Again, it is a disputed question. Max Muller, a famous German
philologist thought that an average famer had an everyday
vocabulary of no more than 300 words. Mario Pei studied a fruit
picker and put this number at no more 500 words, though he believed
that the number of words this fruit piker possessed in reality is
much higher. Stuard Flexner, the noted Ameracan lexicographer,
suggests that the average well-read person has a vocabulary of
about 20,000 words and probably uses about 1,500 to 2,000 in a
normal week’s conversation. Some scholars have taken the trouble
of counting the number of words used by various authors with the
hope that this word can tell us something about human vocabulary.
According to Pei and Mc-Crum, Shakespeare had a vocabulay of 30,000
words. However, it is argued that the number of words used by an
author can tell us the true size of his vocabulary. A author may
possess thousands of words that he never used because he does not
like or require it. In Shakespeare’s plays the words Bible,
Trinity, or Holy Ghost never appear, but this does not sugges that
he was not familiar with them.
In fact there are endless difficulties in judging how many words a
person knows. However, it is certain that the number of the words
we use (active vocabulary) is very much smaller than the number of
the words we know (passive vocabulary or recognition vocabulary).
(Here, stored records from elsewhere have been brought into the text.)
(* Let $U\subset\mathbb{R}^3$ be open with coordinates $(p_1,p_2,p_3)$, let $\lambda_1,\lambda_2,\lambda_3$ be smooth real functions of one real variable, and let $f\colon U\to\mathbb{R}$ be smooth. For $\lambda\in\mathbb{R}$ define the $1$-form $$\alpha_\lambda=(\lambda-\lambda_2(p_2))(\lambda-\lambda_3(p_3))f_1dp_1+(\lambda-\lambda_1(p_1))(\lambda-\lambda_3(p_3))f_2dp_2+(\lambda-\lambda_1(p_1))(\lambda-\lambda_2(p_2))f_3dp_3 .$$ Then $\alpha_\lambda\wedge d\alpha_\lambda=0$ for all $\lambda\in\mathbb{R}$ if and only if $$(\lambda_2(p_2)-\lambda_3(p_3))f_1f_{23}+(\lambda_3(p_3)-\lambda_1(p_1))f_2f_{13}+(\lambda_1(p_1)-\lambda_2(p_2))f_3f_{12}=0\quad\text{on }U.$$
   Context: $f_i=\partial f/\partial p_i$, $f_{ij}=\partial^2f/\partial p_i\partial p_j$; each $\lambda_i$ depends only on the coordinate $p_i$. *)

theory Defs
  imports "HOL-Analysis.Analysis"
begin

definition pd :: "3 \<Rightarrow> (real^3 \<Rightarrow> real) \<Rightarrow> real^3 \<Rightarrow> real" where
  "pd i g x = frechet_derivative g (at x) (axis i 1)"

fun Ck_on :: "nat \<Rightarrow> (real^3) set \<Rightarrow> (real^3 \<Rightarrow> real) \<Rightarrow> bool" where
  "Ck_on 0 U g = continuous_on U g"
| "Ck_on (Suc k) U g = (g differentiable_on U \<and> (\<forall>i. Ck_on k U (pd i g)))"

definition smooth_on :: "(real^3) set \<Rightarrow> (real^3 \<Rightarrow> real) \<Rightarrow> bool" where
  "smooth_on U g = (\<forall>k. Ck_on k U g)"

fun Ck1 :: "nat \<Rightarrow> (real \<Rightarrow> real) \<Rightarrow> bool" where
  "Ck1 0 g = continuous_on UNIV g"
| "Ck1 (Suc k) g = (g differentiable_on UNIV \<and> Ck1 k (deriv g))"

definition smooth1 :: "(real \<Rightarrow> real) \<Rightarrow> bool" where
  "smooth1 g = (\<forall>k. Ck1 k g)"

text \<open>A 1-form a_1 dp_1 + a_2 dp_2 + a_3 dp_3 is given by its coefficient family a.
  The 3-form alpha wedge d alpha equals (wedge_d a) dp_1 wedge dp_2 wedge dp_3, where\<close>
definition wedge_d :: "(3 \<Rightarrow> real^3 \<Rightarrow> real) \<Rightarrow> real^3 \<Rightarrow> real" where
  "wedge_d a x =
     a 1 x * (pd 2 (a 3) x - pd 3 (a 2) x)
   + a 2 x * (pd 3 (a 1) x - pd 1 (a 3) x)
   + a 3 x * (pd 1 (a 2) x - pd 2 (a 1) x)"

definition alpha :: "(3 \<Rightarrow> real \<Rightarrow> real) \<Rightarrow> (real^3 \<Rightarrow> real) \<Rightarrow> real \<Rightarrow> 3 \<Rightarrow> real^3 \<Rightarrow> real" where
  "alpha lam f l i p =
     (if i = 1 then (l - lam 2 (p$2)) * (l - lam 3 (p$3)) * pd 1 f p
      else if i = 2 then (l - lam 1 (p$1)) * (l - lam 3 (p$3)) * pd 2 f p
      else (l - lam 1 (p$1)) * (l - lam 2 (p$2)) * pd 3 f p)"

end

theory Submission
  imports Defs
begin

text \<open>Expanding the products in the coefficients of \<open>\<alpha>\<^sub>\<lambda>\<close> by the Leibniz rule, every term
  containing a derivative of some \<open>\<lambda>\<^sub>k\<close> cancels against its partner, and after
  identifying the mixed partials of \<open>f\<close> (Schwarz) what remains is
  \<open>\<alpha>\<^sub>\<lambda> \<and> d\<alpha>\<^sub>\<lambda> = -(\<lambda>-\<lambda>\<^sub>1)(\<lambda>-\<lambda>\<^sub>2)(\<lambda>-\<lambda>\<^sub>3) E dp\<^sub>1 \<and> dp\<^sub>2 \<and> dp\<^sub>3\<close>, where \<open>E\<close> is the
  expression on the right. At each point the cubic factor vanishes for at most three
  values of \<open>\<lambda>\<close>, which gives the equivalence.\<close>

lemma pd_eq_derivative_axis: "(g has_derivative g') (at x) \<Longrightarrow> pd i g x = g' (axis i 1)"
  unfolding pd_def using frechet_derivative_at by metis

lemma has_real_derivative_along_axis:
  assumes "g differentiable at (a + s *\<^sub>R axis i 1)"
  shows "((\<lambda>t. g (a + t *\<^sub>R axis i 1)) has_real_derivative pd i g (a + s *\<^sub>R axis i 1)) (at s)"
proof -
  let ?x = "a + s *\<^sub>R axis i 1"
  have g: "(g has_derivative frechet_derivative g (at ?x)) (at ?x)"
    using assms frechet_derivative_works by blast
  have line: "((\<lambda>t. a + t *\<^sub>R axis i (1::real)) has_derivative (\<lambda>t. t *\<^sub>R axis i 1)) (at s)"
    by (auto intro!: derivative_eq_intros)
  have "((\<lambda>t. g (a + t *\<^sub>R axis i 1)) has_derivative
          (\<lambda>t. frechet_derivative g (at ?x) (t *\<^sub>R axis i 1))) (at s)"
    using diff_chain_at[OF line g] by (simp add: o_def)
  moreover have "linear (frechet_derivative g (at ?x))"
    using g has_derivative_linear by blast
  ultimately have "((\<lambda>t. g (a + t *\<^sub>R axis i 1)) has_derivative (\<lambda>t. t * pd i g ?x)) (at s)"
    unfolding pd_def by (simp add: linear_scale mult.commute)
  then show ?thesis
    unfolding has_field_derivative_def by (rule has_derivative_eq_rhs) (auto simp: mult.commute)
qed

lemma second_difference_mvt:
  fixes g :: "real^3 \<Rightarrow> real"
  assumes h: "0 < h"
    and g_diff: "\<And>x. x \<in> cball p (2 * h) \<Longrightarrow> g differentiable at x"
    and gi_diff: "\<And>x. x \<in> cball p (2 * h) \<Longrightarrow> pd i g differentiable at x"
  obtains \<xi> where "\<xi> \<in> ball p (2 * h)"
    and "g (p + h *\<^sub>R axis i 1 + h *\<^sub>R axis j 1) - g (p + h *\<^sub>R axis i 1)
           - g (p + h *\<^sub>R axis j 1) + g p = h\<^sup>2 * pd j (pd i g) \<xi>"
proof -
  let ?ei = "axis i (1::real)" and ?ej = "axis j (1::real)"
  have dist_le: "dist (p + s *\<^sub>R ?ei + t *\<^sub>R ?ej) p \<le> \<bar>s\<bar> + \<bar>t\<bar>" for s t
    using norm_triangle_ineq[of "s *\<^sub>R ?ei" "t *\<^sub>R ?ej"] by (simp add: dist_norm add.assoc)
  have in_cball: "p + s *\<^sub>R ?ei + t *\<^sub>R ?ej \<in> cball p (2 * h)"
    if "0 \<le> s" "s \<le> h" "0 \<le> t" "t \<le> h" for s t
    using dist_le[of s t] that by (simp add: dist_commute)
  define u where "u s = g ((p + h *\<^sub>R ?ej) + s *\<^sub>R ?ei) - g (p + s *\<^sub>R ?ei)" for s
  have u_deriv: "DERIV u s :> pd i g ((p + h *\<^sub>R ?ej) + s *\<^sub>R ?ei) - pd i g (p + s *\<^sub>R ?ei)"
    if "0 \<le> s" "s \<le> h" for s
  proof -
    have "(p + h *\<^sub>R ?ej) + s *\<^sub>R ?ei \<in> cball p (2 * h)"
      using in_cball[of s h] that h by (simp add: add_ac)
    moreover have "p + s *\<^sub>R ?ei \<in> cball p (2 * h)"
      using in_cball[of s 0] that h by simp
    ultimately show ?thesis
      unfolding u_def by (intro DERIV_diff has_real_derivative_along_axis g_diff)
  qed
  obtain s0 where s0: "0 < s0" "s0 < h" and u_mvt:
      "u h - u 0 = h * (pd i g ((p + h *\<^sub>R ?ej) + s0 *\<^sub>R ?ei) - pd i g (p + s0 *\<^sub>R ?ei))"
    using MVT2[OF h u_deriv] by auto
  define v where "v t = pd i g ((p + s0 *\<^sub>R ?ei) + t *\<^sub>R ?ej)" for t
  have v_deriv: "DERIV v t :> pd j (pd i g) ((p + s0 *\<^sub>R ?ei) + t *\<^sub>R ?ej)"
    if "0 \<le> t" "t \<le> h" for t
    unfolding v_def using in_cball[of s0 t] that s0
    by (intro has_real_derivative_along_axis gi_diff) simp
  obtain t0 where t0: "0 < t0" "t0 < h" and v_mvt:
      "v h - v 0 = h * pd j (pd i g) ((p + s0 *\<^sub>R ?ei) + t0 *\<^sub>R ?ej)"
    using MVT2[OF h v_deriv] by auto
  show ?thesis
  proof
    show "p + s0 *\<^sub>R ?ei + t0 *\<^sub>R ?ej \<in> ball p (2 * h)"
      using dist_le[of s0 t0] s0 t0 by (simp add: dist_commute)
    have "pd i g ((p + h *\<^sub>R ?ej) + s0 *\<^sub>R ?ei) - pd i g (p + s0 *\<^sub>R ?ei) = v h - v 0"
      unfolding v_def by (simp add: add_ac)
    moreover have "g (p + h *\<^sub>R ?ei + h *\<^sub>R ?ej) - g (p + h *\<^sub>R ?ei) - g (p + h *\<^sub>R ?ej) + g p
        = u h - u 0"
      unfolding u_def by (simp add: add_ac)
    ultimately show "g (p + h *\<^sub>R ?ei + h *\<^sub>R ?ej) - g (p + h *\<^sub>R ?ei) - g (p + h *\<^sub>R ?ej) + g p
        = h\<^sup>2 * pd j (pd i g) (p + s0 *\<^sub>R ?ei + t0 *\<^sub>R ?ej)"
      using u_mvt v_mvt by (simp add: power2_eq_square)
  qed
qed

text \<open>Both orders of differentiation compute the same second difference, so the two mixed
  partials take equal values at points arbitrarily close to \<open>p\<close>.\<close>

lemma pd_pd_commute:
  fixes g :: "real^3 \<Rightarrow> real"
  assumes "open U" "p \<in> U"
    and g_diff: "g differentiable_on U"
    and gi_diff: "pd i g differentiable_on U" and gj_diff: "pd j g differentiable_on U"
    and "continuous_on U (pd j (pd i g))" "continuous_on U (pd i (pd j g))"
  shows "pd j (pd i g) p = pd i (pd j g) p"
proof (rule ccontr)
  let ?F = "pd j (pd i g)" and ?G = "pd i (pd j g)"
  assume "?F p \<noteq> ?G p"
  define e where "e = \<bar>?F p - ?G p\<bar> / 2"
  have "e > 0" using \<open>?F p \<noteq> ?G p\<close> by (simp add: e_def)
  have "isCont ?F p" "isCont ?G p"
    using assms(1,2,6,7) continuous_on_eq_continuous_at by blast+
  then obtain dF dG where "dF > 0" and dF: "\<And>x. dist x p < dF \<Longrightarrow> dist (?F x) (?F p) < e"
    and "dG > 0" and dG: "\<And>x. dist x p < dG \<Longrightarrow> dist (?G x) (?G p) < e"
    using \<open>e > 0\<close> unfolding continuous_at_eps_delta by metis
  obtain r where "r > 0" "ball p r \<subseteq> U"
    using assms(1,2) open_contains_ball by blast
  define h where "h = min (min dF dG) r / 4"
  have "0 < h" using \<open>dF > 0\<close> \<open>dG > 0\<close> \<open>r > 0\<close> by (simp add: h_def)
  have "cball p (2 * h) \<subseteq> U"
    using \<open>ball p r \<subseteq> U\<close> \<open>r > 0\<close> unfolding h_def by (auto simp: subset_iff)
  then have diff_at: "g differentiable at x" "pd i g differentiable at x" "pd j g differentiable at x"
    if "x \<in> cball p (2 * h)" for x
    using assms(1) g_diff gi_diff gj_diff that by (auto simp: differentiable_on_eq_differentiable_at)
  have "2 * h < dF" "2 * h < dG"
    using \<open>dF > 0\<close> \<open>dG > 0\<close> \<open>r > 0\<close> by (simp_all add: h_def)
  then have close: "dist (?F x) (?F p) < e" "dist (?G x) (?G p) < e" if "x \<in> ball p (2 * h)" for x
    using that dF[of x] dG[of x] by (simp_all add: dist_commute)
  obtain x where x: "x \<in> ball p (2 * h)"
    "g (p + h *\<^sub>R axis i 1 + h *\<^sub>R axis j 1) - g (p + h *\<^sub>R axis i 1) - g (p + h *\<^sub>R axis j 1) + g p
       = h\<^sup>2 * ?F x"
    using second_difference_mvt[OF \<open>0 < h\<close> diff_at(1) diff_at(2)] by blast
  obtain y where y: "y \<in> ball p (2 * h)"
    "g (p + h *\<^sub>R axis j 1 + h *\<^sub>R axis i 1) - g (p + h *\<^sub>R axis j 1) - g (p + h *\<^sub>R axis i 1) + g p
       = h\<^sup>2 * ?G y"
    using second_difference_mvt[OF \<open>0 < h\<close> diff_at(1) diff_at(3)] by blast
  have swap: "p + h *\<^sub>R axis j 1 + h *\<^sub>R axis i 1 = p + h *\<^sub>R axis i 1 + h *\<^sub>R axis j (1::real)"
    by (simp add: add_ac)
  then have "h\<^sup>2 * ?F x = h\<^sup>2 * ?G y"
    using x(2) y(2) unfolding swap by linarith
  then have "?F x = ?G y" using \<open>0 < h\<close> by simp
  then have "\<bar>?F p - ?G p\<bar> < 2 * e"
    using close[OF x(1)] close[OF y(1)] by (simp add: dist_real_def)
  then show False by (simp add: e_def)
qed

lemma pd_triple_product:
  assumes "(u has_derivative u') (at x)" "(v has_derivative v') (at x)" "w differentiable at x"
  shows "pd i (\<lambda>q. u q * v q * w q) x
     = u' (axis i 1) * v x * w x + u x * v' (axis i 1) * w x + u x * v x * pd i w x"
proof -
  have "(w has_derivative frechet_derivative w (at x)) (at x)"
    using assms(3) frechet_derivative_works by blast
  then have "((\<lambda>q. u q * v q * w q) has_derivative
     (\<lambda>h. (u x * v x) * frechet_derivative w (at x) h + (u x * v' h + u' h * v x) * w x)) (at x)"
    by (intro has_derivative_mult assms)
  from pd_eq_derivative_axis[OF this, of i] show ?thesis
    by (simp add: pd_def algebra_simps)
qed

lemma has_derivative_const_minus_comp_nth:
  fixes \<mu> :: "real \<Rightarrow> real"
  assumes "\<mu> differentiable at (p$k)"
  shows "((\<lambda>q::real^3. l - \<mu> (q$k)) has_derivative (\<lambda>h. - (deriv \<mu> (p$k) * h$k))) (at p)"
proof -
  have "(\<mu> has_derivative (\<lambda>t. deriv \<mu> (p$k) * t)) (at (p$k))"
    using assms DERIV_deriv_iff_real_differentiable has_field_derivative_def by blast
  from diff_chain_at[OF bounded_linear_imp_has_derivative[OF bounded_linear_vec_nth] this]
  have "((\<lambda>q::real^3. \<mu> (q$k)) has_derivative (\<lambda>h. deriv \<mu> (p$k) * h$k)) (at p)"
    by (simp add: o_def)
  then show ?thesis
    using has_derivative_diff[OF has_derivative_const[of l]] by fastforce
qed

lemma wedge_d_alpha_factorization:
  fixes lam :: "3 \<Rightarrow> real \<Rightarrow> real" and f :: "real^3 \<Rightarrow> real"
  assumes lam_diff: "\<And>k x. lam k differentiable at x"
    and f_diff: "\<And>i. pd i f differentiable at p"
    and "pd 1 (pd 2 f) p = pd 2 (pd 1 f) p"
    and "pd 1 (pd 3 f) p = pd 3 (pd 1 f) p"
    and "pd 2 (pd 3 f) p = pd 3 (pd 2 f) p"
  shows "wedge_d (alpha lam f l) p =
     - ((l - lam 1 (p$1)) * (l - lam 2 (p$2)) * (l - lam 3 (p$3))) *
       ((lam 2 (p$2) - lam 3 (p$3)) * pd 1 f p * pd 3 (pd 2 f) p
      + (lam 3 (p$3) - lam 1 (p$1)) * pd 2 f p * pd 3 (pd 1 f) p
      + (lam 1 (p$1) - lam 2 (p$2)) * pd 3 f p * pd 2 (pd 1 f) p)"
proof -
  have a1: "alpha lam f l 1 = (\<lambda>q. (l - lam 2 (q$2)) * (l - lam 3 (q$3)) * pd 1 f q)"
   and a2: "alpha lam f l 2 = (\<lambda>q. (l - lam 1 (q$1)) * (l - lam 3 (q$3)) * pd 2 f q)"
   and a3: "alpha lam f l 3 = (\<lambda>q. (l - lam 1 (q$1)) * (l - lam 2 (q$2)) * pd 3 f q)"
    by (simp_all add: alpha_def fun_eq_iff)
  have c: "((\<lambda>q. l - lam k (q$k)) has_derivative (\<lambda>h. - (deriv (lam k) (p$k) * h$k))) (at p)"
    for k
    by (rule has_derivative_const_minus_comp_nth[OF lam_diff])
  note pd_a1 = pd_triple_product[OF c[of 2] c[of 3] f_diff[of 1], folded a1]
   and pd_a2 = pd_triple_product[OF c[of 1] c[of 3] f_diff[of 2], folded a2]
   and pd_a3 = pd_triple_product[OF c[of 1] c[of 2] f_diff[of 3], folded a3]
  show ?thesis
    unfolding wedge_d_def pd_a1 pd_a2 pd_a3
    by (simp add: a1 a2 a3 assms(3-5) axis_def) (simp add: algebra_simps)
qed

theorem mainTheorem4:
  fixes U :: "(real^3) set" and lam :: "3 \<Rightarrow> real \<Rightarrow> real" and f :: "real^3 \<Rightarrow> real"
  assumes "open U"
    and "\<And>i. smooth1 (lam i)"
    and "smooth_on U f"
  shows "(\<forall>l::real. \<forall>p\<in>U. wedge_d (alpha lam f l) p = 0) \<longleftrightarrow>
         (\<forall>p\<in>U. (lam 2 (p$2) - lam 3 (p$3)) * pd 1 f p * pd 3 (pd 2 f) p
               + (lam 3 (p$3) - lam 1 (p$1)) * pd 2 f p * pd 3 (pd 1 f) p
               + (lam 1 (p$1) - lam 2 (p$2)) * pd 3 f p * pd 2 (pd 1 f) p = 0)"
    (is "_ \<longleftrightarrow> (\<forall>p\<in>U. ?E p = 0)")
proof -
  have "Ck1 1 (lam k)" for k
    using assms(2) unfolding smooth1_def by blast
  then have lam_diff: "lam k differentiable at x" for k x
    by (simp add: differentiable_on_eq_differentiable_at)
  have "Ck_on 2 U f"
    using assms(3) unfolding smooth_on_def by blast
  then have "f differentiable_on U" "pd i f differentiable_on U" "continuous_on U (pd j (pd i f))"
    for i j by (simp_all add: numeral_2_eq_2)
  then have wedge: "wedge_d (alpha lam f l) p =
      - ((l - lam 1 (p$1)) * (l - lam 2 (p$2)) * (l - lam 3 (p$3))) * ?E p" if "p \<in> U" for l p
    using \<open>open U\<close> that
    by (intro wedge_d_alpha_factorization lam_diff pd_pd_commute)
      (auto simp: differentiable_on_eq_differentiable_at)
  show ?thesis
  proof (intro iffI ballI allI)
    fix p assume vanish: "\<forall>l. \<forall>p\<in>U. wedge_d (alpha lam f l) p = 0" and "p \<in> U"
    define l where "l = max (lam 1 (p$1)) (max (lam 2 (p$2)) (lam 3 (p$3))) + 1"
    have "(l - lam 1 (p$1)) * (l - lam 2 (p$2)) * (l - lam 3 (p$3)) \<noteq> 0"
      by (auto simp: l_def)
    moreover have "wedge_d (alpha lam f l) p = 0"
      using vanish \<open>p \<in> U\<close> by blast
    ultimately show "?E p = 0"
      using wedge[OF \<open>p \<in> U\<close>, of l] by simp
  qed (simp add: wedge)
qed

end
It is often the caswe that you read a newspaper and recognize the
meaning of a word, such as now-governmental, but you have never
been able to use thi word in your english
conversation or writing before. According to one source, native
speakers of a language have a passive vocabulary of up to 100,000
words, but an active vocabulary of between 10,000 and 20,000
words.
Then how many english words should be needed for a non-native
speaker? There are different answers. According to Professor Ogden
of Cambridge University. To be able to communicate in an english a
learner just needs 850 essential words (as active vocabulary,
including a mere 18 verbs: be, come do , get, give, go, have, keep,
let, make, may, put, say, see, seen, send, take and will). Other
linguists, however, did not agree with. Ogden, claiming those who
learnt only 850 basic words might be able to write simple messages
but would scarcely be able to exchange ideas or to read anything in
english (even comic books and greeting cards would contrain words
and expression quite unknown to them). Mackey and his colleagues
suggested that in a foreign learning, an active vocabulary of about
3000 to 5000 words, and a passive vocabulary of about 5000 to
10,000 words are required to achieve the intermediate to upper
intermediate level of proficiency. It is roughly estimated that
foreign students need more than 20,000 words a pasive vocbulary and
at least 10,000 as active vocabulary to attend college in an
American university.
It
is true that the bigger size your english vocabulary you have, the
more comfortable you can be to communicate in english. However, it
is misleading to think that a learner who possesses more english
word can automatically speak, write or understand english better
than the one who has less vocabulary. Difference should rather be
made between good and bad language learners. A good language
learner always knows how to make up for the lack of vocabulary.
Good learners are characterized by the ability to guess, to
paraphrase or to gesture when he has a problem concerning
vocabulary. He would not let the new words in a text hinder his
comprehension. He/she would search for their meaning through the
context in which the word appears or through analyzing the
appearance of this word. Similarly, he is still able to talk about
things of which he does not know the name in english. For example,
being unfamiliar with the word handkerchief, he could say a cloth
for my nose, and for an apartment comples he could say building.
Therefore, learning more vocabulary is imortan, but more important
is learning how to understand language or get your language
understood despite the lack of vocabulary.